definition Dhom :: "'a::metric_space set \<Rightarrow> ('a \<Rightarrow> 'a) \<Rightarrow> ('a \<Rightarrow> 'a) \<Rightarrow> real" where
  "Dhom X f g = max (dC0 X f g) (dC0 X (inv_into X f) (inv_into X g))"

definition topologically_stable :: "'a::metric_space set \<Rightarrow> ('a \<Rightarrow> 'a) \<Rightarrow> bool" where
  "topologically_stable X f \<longleftrightarrow>
     (\<forall>\<epsilon>>0. \<exists>\<delta>>0. \<forall>g\<in>homeos X. Dhom X f g < \<delta> \<longrightarrow>
        (\<exists>h. continuous_on X h \<and> h ` X \<subseteq> X \<and> dC0 X h id < \<epsilon> \<and>
             (\<forall>x\<in>X. h (g x) = f (h x))))"

definition iter_int :: "'a set \<Rightarrow> ('a \<Rightarrow> 'a) \<Rightarrow> int \<Rightarrow> 'a \<Rightarrow> 'a" where
  "iter_int X f i = (if 0 \<le> i then f ^^ nat i else inv_into X f ^^ nat (- i))"

definition dtilde :: "(int \<Rightarrow> 'a::metric_space) \<Rightarrow> (int \<Rightarrow> 'a) \<Rightarrow> real" where
  "dtilde x y = (SUP i. (1/2) ^ nat \<bar>i\<bar> * dist (x i) (y i))"

definition pseudo_orbits :: "'a::metric_space set \<Rightarrow> ('a \<Rightarrow> 'a) \<Rightarrow> real \<Rightarrow> (int \<Rightarrow> 'a) set" where
  "pseudo_orbits X f \<delta> = {x. (\<forall>i. x i \<in> X) \<and> (\<forall>i. dist (f (x i)) (x (i + 1)) \<le> \<delta>)}"

definition continuous_shadowing :: "'a::metric_space set \<Rightarrow> ('a \<Rightarrow> 'a) \<Rightarrow> bool" where
  "continuous_shadowing X f \<longleftrightarrow>
     (\<forall>\<epsilon>>0. \<exists>\<delta>>0. \<exists>r. (\<forall>x\<in>pseudo_orbits X f \<delta>. r x \<in> X) \<and>
        (\<forall>x\<in>pseudo_orbits X f \<delta>. \<forall>e>0. \<exists>\<eta>>0. \<forall>y\<in>pseudo_orbits X f \<delta>.
            dtilde x y < \<eta> \<longrightarrow> dist (r x) (r y) < e) \<and>
        (\<forall>x\<in>pseudo_orbits X f \<delta>. \<forall>i. dist (iter_int X f i (r x)) (x i) \<le> \<epsilon>))"

end

theory Submission
  imports Defs
begin

text \<open>Coding points by the branches of a binary tree of nonempty clopen sets identifies a
  Cantor space \<open>X\<close> with \<open>2\<^sup>\<nat>\<close> so that two points are close exactly when their codes share a long
  prefix. Transport the dyadic odometer (adding one with carry) to \<open>X\<close>. It is an isometry of the
  prefix ultrametric, so a pseudo-orbit with small jumps is shadowed by the orbit of its own
  initial point, which depends continuously on the pseudo-orbit. On the other hand the odometer
  has no periodic points, whereas acting only on the first \<open>N\<close> digits yields arbitrarily close
  homeomorphisms of period \<open>2\<^sup>N\<close>; a semiconjugacy from such a perturbation to the odometer
  would map a periodic point to a periodic point, so the odometer is not topologically stable.\<close>

section \<open>Clopen sets in a Cantor space\<close>

definition clopen_in :: "'a::topological_space set \<Rightarrow> 'a set \<Rightarrow> bool" where
  "clopen_in X U \<longleftrightarrow> closedin (top_of_set X) U \<and> openin (top_of_set X) U"

lemma clopen_in_Int: "clopen_in X A \<Longrightarrow> clopen_in X B \<Longrightarrow> clopen_in X (A \<inter> B)"
  by (auto simp: clopen_in_def)

lemma clopen_in_Diff: "clopen_in X A \<Longrightarrow> clopen_in X B \<Longrightarrow> clopen_in X (A - B)"
  by (auto simp: clopen_in_def)

lemma cantor_space_clopen_nhd:
  fixes X :: "'a::metric_space set"
  assumes "cantor_space X" "x \<in> X" "e > 0"
  obtains U where "clopen_in X U" "x \<in> U" "U \<subseteq> ball x e"
proof -
  have "compact X" "totally_disconnected X"
    using assms(1) by (auto simp: cantor_space_def)
  let ?C = "connected_component_of_set (top_of_set X) x"
  have "?C \<subseteq> X" "connected ?C"
    using connectedin_connected_component_of[of "top_of_set X" x] by (simp_all add: connectedin_subtopology)
  then obtain a where "?C \<subseteq> {a}"
    using \<open>totally_disconnected X\<close> unfolding totally_disconnected_def by blast
  moreover have "x \<in> ?C"
    using assms(2) by (simp add: connected_component_of_refl)
  ultimately have "?C = {x}"
    by blast
  then have "{x} \<in> connected_components_of (top_of_set X)"
    using assms(2) unfolding connected_components_of_def by force
  moreover have "locally_compact_space (top_of_set X)"
    by (simp add: \<open>compact X\<close> compact_imp_locally_compact_space compact_space_subtopology)
  moreover have "openin (top_of_set X) (X \<inter> ball x e)"
    by (simp add: openin_open_Int)
  ultimately obtain U V where UV: "openin (top_of_set X) U" "openin (top_of_set X) V" "disjnt U V"
      "U \<union> V = X" "x \<in> U" "U \<subseteq> X \<inter> ball x e"
    using wilder_locally_compact_component_thm[of "top_of_set X" "{x}" "X \<inter> ball x e"] assms(2,3)
    by (auto simp: Hausdorff_space_subtopology)
  have "U = X - V"
    using UV(3,4) by (auto simp: disjnt_def)
  with UV show thesis
    by (intro that) (auto simp: clopen_in_def)
qed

━━━━

Your objective
The data above needs retyping. Reproduce each line exactly.

The completed task
definition Dhom :: "'a::metric_space set \<Rightarrow> ('a \<Rightarrow> 'a) \<Rightarrow> ('a \<Rightarrow> 'a) \<Rightarrow> real" where
  "Dhom X f g = max (dC0 X f g) (dC0 X (inv_into X f) (inv_into X g))"

definition topologically_stable :: "'a::metric_space set \<Rightarrow> ('a \<Rightarrow> 'a) \<Rightarrow> bool" where
  "topologically_stable X f \<longleftrightarrow>
     (\<forall>\<epsilon>>0. \<exists>\<delta>>0. \<forall>g\<in>homeos X. Dhom X f g < \<delta> \<longrightarrow>
        (\<exists>h. continuous_on X h \<and> h ` X \<subseteq> X \<and> dC0 X h id < \<epsilon> \<and>
             (\<forall>x\<in>X. h (g x) = f (h x))))"

definition iter_int :: "'a set \<Rightarrow> ('a \<Rightarrow> 'a) \<Rightarrow> int \<Rightarrow> 'a \<Rightarrow> 'a" where
  "iter_int X f i = (if 0 \<le> i then f ^^ nat i else inv_into X f ^^ nat (- i))"

definition dtilde :: "(int \<Rightarrow> 'a::metric_space) \<Rightarrow> (int \<Rightarrow> 'a) \<Rightarrow> real" where
  "dtilde x y = (SUP i. (1/2) ^ nat \<bar>i\<bar> * dist (x i) (y i))"

definition pseudo_orbits :: "'a::metric_space set \<Rightarrow> ('a \<Rightarrow> 'a) \<Rightarrow> real \<Rightarrow> (int \<Rightarrow> 'a) set" where
  "pseudo_orbits X f \<delta> = {x. (\<forall>i. x i \<in> X) \<and> (\<forall>i. dist (f (x i)) (x (i + 1)) \<le> \<delta>)}"

definition continuous_shadowing :: "'a::metric_space set \<Rightarrow> ('a \<Rightarrow> 'a) \<Rightarrow> bool" where
  "continuous_shadowing X f \<longleftrightarrow>
     (\<forall>\<epsilon>>0. \<exists>\<delta>>0. \<exists>r. (\<forall>x\<in>pseudo_orbits X f \<delta>. r x \<in> X) \<and>
        (\<forall>x\<in>pseudo_orbits X f \<delta>. \<forall>e>0. \<exists>\<eta>>0. \<forall>y\<in>pseudo_orbits X f \<delta>.
            dtilde x y < \<eta> \<longrightarrow> dist (r x) (r y) < e) \<and>
        (\<forall>x\<in>pseudo_orbits X f \<delta>. \<forall>i. dist (iter_int X f i (r x)) (x i) \<le> \<epsilon>))"

end

theory Submission
  imports Defs
begin

text \<open>Coding points by the branches of a binary tree of nonempty clopen sets identifies a
  Cantor space \<open>X\<close> with \<open>2\<^sup>\<nat>\<close> so that two points are close exactly when their codes share a long
  prefix. Transport the dyadic odometer (adding one with carry) to \<open>X\<close>. It is an isometry of the
  prefix ultrametric, so a pseudo-orbit with small jumps is shadowed by the orbit of its own
  initial point, which depends continuously on the pseudo-orbit. On the other hand the odometer
  has no periodic points, whereas acting only on the first \<open>N\<close> digits yields arbitrarily close
  homeomorphisms of period \<open>2\<^sup>N\<close>; a semiconjugacy from such a perturbation to the odometer
  would map a periodic point to a periodic point, so the odometer is not topologically stable.\<close>

section \<open>Clopen sets in a Cantor space\<close>

definition clopen_in :: "'a::topological_space set \<Rightarrow> 'a set \<Rightarrow> bool" where
  "clopen_in X U \<longleftrightarrow> closedin (top_of_set X) U \<and> openin (top_of_set X) U"

lemma clopen_in_Int: "clopen_in X A \<Longrightarrow> clopen_in X B \<Longrightarrow> clopen_in X (A \<inter> B)"
  by (auto simp: clopen_in_def)

lemma clopen_in_Diff: "clopen_in X A \<Longrightarrow> clopen_in X B \<Longrightarrow> clopen_in X (A - B)"
  by (auto simp: clopen_in_def)

lemma cantor_space_clopen_nhd:
  fixes X :: "'a::metric_space set"
  assumes "cantor_space X" "x \<in> X" "e > 0"
  obtains U where "clopen_in X U" "x \<in> U" "U \<subseteq> ball x e"
proof -
  have "compact X" "totally_disconnected X"
    using assms(1) by (auto simp: cantor_space_def)
  let ?C = "connected_component_of_set (top_of_set X) x"
  have "?C \<subseteq> X" "connected ?C"
    using connectedin_connected_component_of[of "top_of_set X" x] by (simp_all add: connectedin_subtopology)
  then obtain a where "?C \<subseteq> {a}"
    using \<open>totally_disconnected X\<close> unfolding totally_disconnected_def by blast
  moreover have "x \<in> ?C"
    using assms(2) by (simp add: connected_component_of_refl)
  ultimately have "?C = {x}"
    by blast
  then have "{x} \<in> connected_components_of (top_of_set X)"
    using assms(2) unfolding connected_components_of_def by force
  moreover have "locally_compact_space (top_of_set X)"
    by (simp add: \<open>compact X\<close> compact_imp_locally_compact_space compact_space_subtopology)
  moreover have "openin (top_of_set X) (X \<inter> ball x e)"
    by (simp add: openin_open_Int)
  ultimately obtain U V where UV: "openin (top_of_set X) U" "openin (top_of_set X) V" "disjnt U V"
      "U \<union> V = X" "x \<in> U" "U \<subseteq> X \<inter> ball x e"
    using wilder_locally_compact_component_thm[of "top_of_set X" "{x}" "X \<inter> ball x e"] assms(2,3)
    by (auto simp: Hausdorff_space_subtopology)
  have "U = X - V"
    using UV(3,4) by (auto simp: disjnt_def)
  with UV show thesis
    by (intro that) (auto simp: clopen_in_def)
qed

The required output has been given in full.